▸ **Directions**
When you reach the line containing "s)\<^sup>2 - (real" in the data below, begin returning lines exactly as written, and stop once the line containing "unfolding sum_index sum_index_square" has been returned.

▸ **Dataset**
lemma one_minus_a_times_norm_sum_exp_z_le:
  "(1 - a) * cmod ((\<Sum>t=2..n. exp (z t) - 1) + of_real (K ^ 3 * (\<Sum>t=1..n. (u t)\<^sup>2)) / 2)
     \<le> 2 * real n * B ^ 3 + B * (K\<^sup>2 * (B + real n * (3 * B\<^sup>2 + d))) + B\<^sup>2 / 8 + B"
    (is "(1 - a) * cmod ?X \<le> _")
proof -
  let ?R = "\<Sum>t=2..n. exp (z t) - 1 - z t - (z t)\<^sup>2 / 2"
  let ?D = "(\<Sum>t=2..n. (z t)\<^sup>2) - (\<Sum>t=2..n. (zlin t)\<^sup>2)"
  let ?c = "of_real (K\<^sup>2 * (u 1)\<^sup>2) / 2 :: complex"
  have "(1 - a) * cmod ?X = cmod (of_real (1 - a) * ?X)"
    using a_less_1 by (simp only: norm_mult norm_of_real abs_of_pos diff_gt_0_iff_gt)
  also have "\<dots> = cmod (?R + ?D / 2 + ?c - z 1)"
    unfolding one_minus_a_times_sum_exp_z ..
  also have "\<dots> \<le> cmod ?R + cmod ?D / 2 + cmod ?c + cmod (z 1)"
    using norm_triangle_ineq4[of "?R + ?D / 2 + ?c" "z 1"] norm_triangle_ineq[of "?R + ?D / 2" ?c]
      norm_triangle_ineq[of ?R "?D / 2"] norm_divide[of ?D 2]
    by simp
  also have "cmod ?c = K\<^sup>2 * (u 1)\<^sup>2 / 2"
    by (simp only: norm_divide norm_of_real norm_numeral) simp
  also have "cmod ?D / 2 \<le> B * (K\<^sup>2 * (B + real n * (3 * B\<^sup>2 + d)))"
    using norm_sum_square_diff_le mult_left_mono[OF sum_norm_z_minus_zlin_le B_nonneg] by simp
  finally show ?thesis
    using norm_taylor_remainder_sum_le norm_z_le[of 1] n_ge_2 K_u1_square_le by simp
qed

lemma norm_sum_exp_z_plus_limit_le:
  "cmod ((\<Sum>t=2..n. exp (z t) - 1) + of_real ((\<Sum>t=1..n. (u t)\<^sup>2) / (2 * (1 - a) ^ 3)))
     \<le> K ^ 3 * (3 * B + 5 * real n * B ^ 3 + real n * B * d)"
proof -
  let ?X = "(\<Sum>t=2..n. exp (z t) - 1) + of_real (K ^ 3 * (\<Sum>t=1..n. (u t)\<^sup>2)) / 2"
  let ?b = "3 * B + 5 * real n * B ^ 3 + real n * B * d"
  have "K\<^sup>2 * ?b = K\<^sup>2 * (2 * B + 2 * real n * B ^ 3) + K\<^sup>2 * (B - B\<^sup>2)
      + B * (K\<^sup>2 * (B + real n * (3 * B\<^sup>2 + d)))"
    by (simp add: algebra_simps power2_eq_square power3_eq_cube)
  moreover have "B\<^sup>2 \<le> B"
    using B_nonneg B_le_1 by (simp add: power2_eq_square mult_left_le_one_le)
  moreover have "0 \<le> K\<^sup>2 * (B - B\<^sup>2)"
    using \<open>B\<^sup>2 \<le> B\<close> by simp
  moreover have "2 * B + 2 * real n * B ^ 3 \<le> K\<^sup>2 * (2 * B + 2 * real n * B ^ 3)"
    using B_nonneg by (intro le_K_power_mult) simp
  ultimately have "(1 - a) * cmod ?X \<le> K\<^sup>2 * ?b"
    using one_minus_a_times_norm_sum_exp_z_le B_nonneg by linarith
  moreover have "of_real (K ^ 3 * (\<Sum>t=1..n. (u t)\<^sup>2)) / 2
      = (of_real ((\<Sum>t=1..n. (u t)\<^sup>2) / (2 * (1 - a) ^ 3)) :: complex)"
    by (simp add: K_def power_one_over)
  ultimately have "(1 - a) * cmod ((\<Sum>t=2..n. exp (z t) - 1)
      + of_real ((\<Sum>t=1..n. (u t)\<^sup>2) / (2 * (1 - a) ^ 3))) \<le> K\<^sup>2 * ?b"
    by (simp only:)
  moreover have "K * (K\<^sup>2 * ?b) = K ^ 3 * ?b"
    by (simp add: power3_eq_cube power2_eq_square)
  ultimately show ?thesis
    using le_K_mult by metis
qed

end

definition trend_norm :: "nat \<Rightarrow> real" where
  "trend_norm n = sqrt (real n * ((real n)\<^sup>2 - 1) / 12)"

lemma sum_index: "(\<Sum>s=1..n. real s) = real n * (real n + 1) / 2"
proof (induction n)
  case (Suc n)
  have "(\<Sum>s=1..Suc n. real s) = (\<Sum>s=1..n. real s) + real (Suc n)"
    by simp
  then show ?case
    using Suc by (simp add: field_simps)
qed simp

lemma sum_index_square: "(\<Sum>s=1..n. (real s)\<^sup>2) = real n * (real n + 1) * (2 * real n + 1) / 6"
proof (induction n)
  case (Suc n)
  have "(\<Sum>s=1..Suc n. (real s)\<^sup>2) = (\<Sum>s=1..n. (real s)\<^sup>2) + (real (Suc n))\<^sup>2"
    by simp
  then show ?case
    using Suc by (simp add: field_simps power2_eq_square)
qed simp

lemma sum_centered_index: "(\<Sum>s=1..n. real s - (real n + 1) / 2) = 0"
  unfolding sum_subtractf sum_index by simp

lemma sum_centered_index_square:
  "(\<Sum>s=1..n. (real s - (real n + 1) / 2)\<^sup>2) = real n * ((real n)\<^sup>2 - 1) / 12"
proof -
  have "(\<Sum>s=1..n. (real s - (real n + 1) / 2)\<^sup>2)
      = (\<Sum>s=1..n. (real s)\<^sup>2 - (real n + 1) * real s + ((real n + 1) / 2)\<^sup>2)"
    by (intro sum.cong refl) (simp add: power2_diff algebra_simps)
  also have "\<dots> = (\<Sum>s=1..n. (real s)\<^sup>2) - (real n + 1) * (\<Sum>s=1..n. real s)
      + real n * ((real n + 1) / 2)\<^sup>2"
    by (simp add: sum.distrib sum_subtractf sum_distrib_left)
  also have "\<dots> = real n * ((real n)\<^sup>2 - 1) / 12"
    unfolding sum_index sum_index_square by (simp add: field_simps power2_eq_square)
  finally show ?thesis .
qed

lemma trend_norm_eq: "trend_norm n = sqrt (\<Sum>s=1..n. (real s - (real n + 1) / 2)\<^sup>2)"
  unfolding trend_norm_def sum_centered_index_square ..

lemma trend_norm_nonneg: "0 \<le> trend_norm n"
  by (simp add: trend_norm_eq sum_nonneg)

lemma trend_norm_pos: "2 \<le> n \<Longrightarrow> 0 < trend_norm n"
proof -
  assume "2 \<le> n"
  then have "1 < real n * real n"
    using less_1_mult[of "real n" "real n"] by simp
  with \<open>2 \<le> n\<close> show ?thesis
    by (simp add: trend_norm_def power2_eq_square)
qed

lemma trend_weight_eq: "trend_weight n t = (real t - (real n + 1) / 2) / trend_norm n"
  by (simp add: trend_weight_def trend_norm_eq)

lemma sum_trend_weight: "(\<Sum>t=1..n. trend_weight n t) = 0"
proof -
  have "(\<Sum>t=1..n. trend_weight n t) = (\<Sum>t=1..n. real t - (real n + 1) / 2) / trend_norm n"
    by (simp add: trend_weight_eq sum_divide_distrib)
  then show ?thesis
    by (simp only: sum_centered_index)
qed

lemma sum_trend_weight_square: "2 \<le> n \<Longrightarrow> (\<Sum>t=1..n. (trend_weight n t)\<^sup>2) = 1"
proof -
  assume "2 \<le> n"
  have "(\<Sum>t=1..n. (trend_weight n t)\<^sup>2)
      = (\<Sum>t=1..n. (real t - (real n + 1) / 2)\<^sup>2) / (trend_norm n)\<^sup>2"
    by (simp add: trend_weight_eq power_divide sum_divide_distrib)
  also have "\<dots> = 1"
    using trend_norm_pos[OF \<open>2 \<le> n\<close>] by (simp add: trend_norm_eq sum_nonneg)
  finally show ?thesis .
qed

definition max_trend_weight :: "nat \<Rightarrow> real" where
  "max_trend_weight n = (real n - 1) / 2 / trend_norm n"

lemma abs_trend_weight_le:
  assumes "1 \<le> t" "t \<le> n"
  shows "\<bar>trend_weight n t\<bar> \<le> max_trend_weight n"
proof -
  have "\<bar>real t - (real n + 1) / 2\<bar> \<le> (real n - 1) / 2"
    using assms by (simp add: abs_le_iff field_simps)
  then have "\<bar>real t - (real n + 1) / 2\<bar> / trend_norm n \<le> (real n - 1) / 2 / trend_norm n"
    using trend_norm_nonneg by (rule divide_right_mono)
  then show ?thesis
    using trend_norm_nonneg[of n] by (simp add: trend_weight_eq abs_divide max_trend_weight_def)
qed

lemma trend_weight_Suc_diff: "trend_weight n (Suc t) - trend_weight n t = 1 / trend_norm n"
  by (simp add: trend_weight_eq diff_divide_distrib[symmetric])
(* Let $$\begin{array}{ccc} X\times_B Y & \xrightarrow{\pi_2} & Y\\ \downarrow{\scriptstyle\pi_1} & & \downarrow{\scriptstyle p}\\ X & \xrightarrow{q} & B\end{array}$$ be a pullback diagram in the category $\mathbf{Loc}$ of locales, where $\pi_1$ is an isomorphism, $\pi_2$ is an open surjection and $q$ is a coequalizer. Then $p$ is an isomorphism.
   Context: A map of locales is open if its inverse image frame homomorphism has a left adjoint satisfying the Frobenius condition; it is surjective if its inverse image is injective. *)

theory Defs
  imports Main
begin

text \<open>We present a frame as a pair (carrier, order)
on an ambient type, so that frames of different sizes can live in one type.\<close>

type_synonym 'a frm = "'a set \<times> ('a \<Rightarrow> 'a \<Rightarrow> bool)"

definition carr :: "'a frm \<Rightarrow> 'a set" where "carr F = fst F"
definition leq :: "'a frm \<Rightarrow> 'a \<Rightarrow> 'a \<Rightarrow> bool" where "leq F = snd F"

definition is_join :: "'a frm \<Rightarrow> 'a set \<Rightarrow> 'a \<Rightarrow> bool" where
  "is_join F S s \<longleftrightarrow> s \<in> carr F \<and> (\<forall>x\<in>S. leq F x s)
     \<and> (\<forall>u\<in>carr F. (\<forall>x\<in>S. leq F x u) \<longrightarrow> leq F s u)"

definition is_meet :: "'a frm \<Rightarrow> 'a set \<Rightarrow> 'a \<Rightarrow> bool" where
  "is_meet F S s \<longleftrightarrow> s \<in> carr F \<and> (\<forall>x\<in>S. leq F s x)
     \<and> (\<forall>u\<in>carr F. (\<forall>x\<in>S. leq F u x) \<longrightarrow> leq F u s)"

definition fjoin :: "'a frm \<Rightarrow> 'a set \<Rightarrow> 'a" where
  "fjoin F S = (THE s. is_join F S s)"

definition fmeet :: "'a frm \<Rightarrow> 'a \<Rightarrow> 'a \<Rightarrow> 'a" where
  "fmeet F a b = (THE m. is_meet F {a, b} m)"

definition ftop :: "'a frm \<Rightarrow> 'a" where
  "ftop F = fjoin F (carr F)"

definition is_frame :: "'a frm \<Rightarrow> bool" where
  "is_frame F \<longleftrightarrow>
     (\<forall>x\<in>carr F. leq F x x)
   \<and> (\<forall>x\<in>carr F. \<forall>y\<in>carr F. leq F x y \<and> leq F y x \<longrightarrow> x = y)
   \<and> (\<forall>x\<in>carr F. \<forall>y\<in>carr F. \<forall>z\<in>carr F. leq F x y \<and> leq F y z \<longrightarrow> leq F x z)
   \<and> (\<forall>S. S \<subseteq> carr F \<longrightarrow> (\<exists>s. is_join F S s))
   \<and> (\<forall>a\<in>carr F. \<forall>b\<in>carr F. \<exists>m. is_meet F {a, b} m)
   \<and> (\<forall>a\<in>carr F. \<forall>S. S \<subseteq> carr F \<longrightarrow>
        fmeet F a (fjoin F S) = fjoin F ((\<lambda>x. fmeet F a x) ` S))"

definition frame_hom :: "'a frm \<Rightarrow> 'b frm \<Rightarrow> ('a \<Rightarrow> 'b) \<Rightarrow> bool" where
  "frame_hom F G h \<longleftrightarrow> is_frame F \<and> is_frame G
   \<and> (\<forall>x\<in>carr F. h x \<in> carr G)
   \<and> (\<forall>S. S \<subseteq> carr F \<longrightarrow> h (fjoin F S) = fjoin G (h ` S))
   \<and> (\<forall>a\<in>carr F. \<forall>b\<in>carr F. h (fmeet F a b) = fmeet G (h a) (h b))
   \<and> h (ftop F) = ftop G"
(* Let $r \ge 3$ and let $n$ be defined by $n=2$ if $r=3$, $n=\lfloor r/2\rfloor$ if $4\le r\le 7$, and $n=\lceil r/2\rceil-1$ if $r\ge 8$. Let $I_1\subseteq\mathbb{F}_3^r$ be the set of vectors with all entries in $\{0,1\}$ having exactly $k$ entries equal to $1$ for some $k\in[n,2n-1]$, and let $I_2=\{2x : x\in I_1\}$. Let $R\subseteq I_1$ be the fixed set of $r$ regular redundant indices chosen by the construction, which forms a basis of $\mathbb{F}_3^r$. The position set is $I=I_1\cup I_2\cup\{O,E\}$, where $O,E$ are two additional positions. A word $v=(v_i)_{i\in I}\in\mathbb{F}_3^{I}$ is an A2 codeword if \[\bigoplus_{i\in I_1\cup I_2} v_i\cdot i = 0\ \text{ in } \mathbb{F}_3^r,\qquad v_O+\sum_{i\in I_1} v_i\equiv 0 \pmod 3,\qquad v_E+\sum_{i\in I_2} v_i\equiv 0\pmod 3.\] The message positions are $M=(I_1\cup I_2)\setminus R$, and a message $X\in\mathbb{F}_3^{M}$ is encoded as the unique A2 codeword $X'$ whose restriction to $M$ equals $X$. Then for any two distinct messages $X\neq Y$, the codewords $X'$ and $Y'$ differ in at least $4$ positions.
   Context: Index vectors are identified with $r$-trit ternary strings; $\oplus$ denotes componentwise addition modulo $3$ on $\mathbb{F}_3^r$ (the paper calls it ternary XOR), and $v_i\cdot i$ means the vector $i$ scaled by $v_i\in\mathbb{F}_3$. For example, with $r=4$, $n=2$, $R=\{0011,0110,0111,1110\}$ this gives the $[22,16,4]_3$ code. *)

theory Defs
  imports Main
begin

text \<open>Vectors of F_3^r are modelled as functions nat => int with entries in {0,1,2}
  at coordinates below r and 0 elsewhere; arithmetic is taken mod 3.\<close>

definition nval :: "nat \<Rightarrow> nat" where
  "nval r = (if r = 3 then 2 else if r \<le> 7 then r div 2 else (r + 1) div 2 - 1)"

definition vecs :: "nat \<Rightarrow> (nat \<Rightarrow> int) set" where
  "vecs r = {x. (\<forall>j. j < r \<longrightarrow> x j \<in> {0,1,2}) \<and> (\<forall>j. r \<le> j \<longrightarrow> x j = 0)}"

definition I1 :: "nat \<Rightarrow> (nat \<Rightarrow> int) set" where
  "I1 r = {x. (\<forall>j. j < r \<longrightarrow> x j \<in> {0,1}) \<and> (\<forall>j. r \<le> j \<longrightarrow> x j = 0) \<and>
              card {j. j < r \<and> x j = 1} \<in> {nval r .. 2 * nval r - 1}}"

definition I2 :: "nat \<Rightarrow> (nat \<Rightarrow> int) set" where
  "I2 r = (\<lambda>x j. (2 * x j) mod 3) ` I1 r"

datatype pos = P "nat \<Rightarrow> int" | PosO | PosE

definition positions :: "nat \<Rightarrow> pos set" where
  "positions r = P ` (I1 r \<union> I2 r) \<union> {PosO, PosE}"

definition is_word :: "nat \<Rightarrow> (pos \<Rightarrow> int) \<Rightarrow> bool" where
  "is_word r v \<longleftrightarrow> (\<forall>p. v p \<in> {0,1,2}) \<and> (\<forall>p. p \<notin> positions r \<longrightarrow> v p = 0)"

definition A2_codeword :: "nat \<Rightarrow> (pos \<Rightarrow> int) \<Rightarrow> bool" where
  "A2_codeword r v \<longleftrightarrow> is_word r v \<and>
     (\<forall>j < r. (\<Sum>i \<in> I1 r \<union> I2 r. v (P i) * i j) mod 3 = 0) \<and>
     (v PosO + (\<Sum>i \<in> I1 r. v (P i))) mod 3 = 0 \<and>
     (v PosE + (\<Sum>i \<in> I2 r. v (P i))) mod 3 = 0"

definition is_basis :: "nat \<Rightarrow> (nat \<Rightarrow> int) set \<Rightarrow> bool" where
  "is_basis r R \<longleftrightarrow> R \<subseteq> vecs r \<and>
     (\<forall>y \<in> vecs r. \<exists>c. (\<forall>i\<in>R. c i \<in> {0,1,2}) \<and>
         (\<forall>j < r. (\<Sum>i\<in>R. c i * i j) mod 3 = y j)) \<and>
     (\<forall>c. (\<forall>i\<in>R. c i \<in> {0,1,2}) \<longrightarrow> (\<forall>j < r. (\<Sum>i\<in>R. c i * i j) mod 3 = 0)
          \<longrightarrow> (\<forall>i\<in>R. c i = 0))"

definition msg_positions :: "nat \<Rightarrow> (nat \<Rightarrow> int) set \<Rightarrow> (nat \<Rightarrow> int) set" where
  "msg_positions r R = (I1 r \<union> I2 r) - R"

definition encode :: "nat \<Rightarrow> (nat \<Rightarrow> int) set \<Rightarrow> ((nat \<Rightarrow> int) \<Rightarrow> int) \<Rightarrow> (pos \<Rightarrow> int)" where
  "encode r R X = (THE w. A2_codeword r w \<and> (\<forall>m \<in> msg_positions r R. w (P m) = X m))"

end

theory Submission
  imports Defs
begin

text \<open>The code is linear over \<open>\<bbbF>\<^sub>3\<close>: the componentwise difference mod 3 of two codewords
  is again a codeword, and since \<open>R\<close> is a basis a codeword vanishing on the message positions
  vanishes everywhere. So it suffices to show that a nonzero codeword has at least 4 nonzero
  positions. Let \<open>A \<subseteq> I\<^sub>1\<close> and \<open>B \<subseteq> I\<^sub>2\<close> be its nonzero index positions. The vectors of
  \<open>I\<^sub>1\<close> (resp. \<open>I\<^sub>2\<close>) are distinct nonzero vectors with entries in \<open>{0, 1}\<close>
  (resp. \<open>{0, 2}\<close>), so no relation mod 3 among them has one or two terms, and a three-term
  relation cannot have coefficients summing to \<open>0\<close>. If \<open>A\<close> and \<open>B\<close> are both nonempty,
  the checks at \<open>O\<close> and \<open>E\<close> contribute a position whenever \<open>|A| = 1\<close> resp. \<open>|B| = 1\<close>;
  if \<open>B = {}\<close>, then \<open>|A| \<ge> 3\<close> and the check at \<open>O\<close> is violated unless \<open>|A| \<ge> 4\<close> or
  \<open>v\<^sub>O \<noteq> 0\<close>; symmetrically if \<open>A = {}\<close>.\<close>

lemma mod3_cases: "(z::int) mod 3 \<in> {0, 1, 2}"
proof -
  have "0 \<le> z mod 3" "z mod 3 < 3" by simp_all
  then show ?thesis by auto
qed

▸ **Response**
      = (\<Sum>s=1..n. (real s)\<^sup>2 - (real n + 1) * real s + ((real n + 1) / 2)\<^sup>2)"
    by (intro sum.cong refl) (simp add: power2_diff algebra_simps)
  also have "\<dots> = (\<Sum>s=1..n. (real s)\<^sup>2) - (real n + 1) * (\<Sum>s=1..n. real s)
      + real n * ((real n + 1) / 2)\<^sup>2"
    by (simp add: sum.distrib sum_subtractf sum_distrib_left)
  also have "\<dots> = real n * ((real n)\<^sup>2 - 1) / 12"
    unfolding sum_index sum_index_square by (simp add: field_simps power2_eq_square)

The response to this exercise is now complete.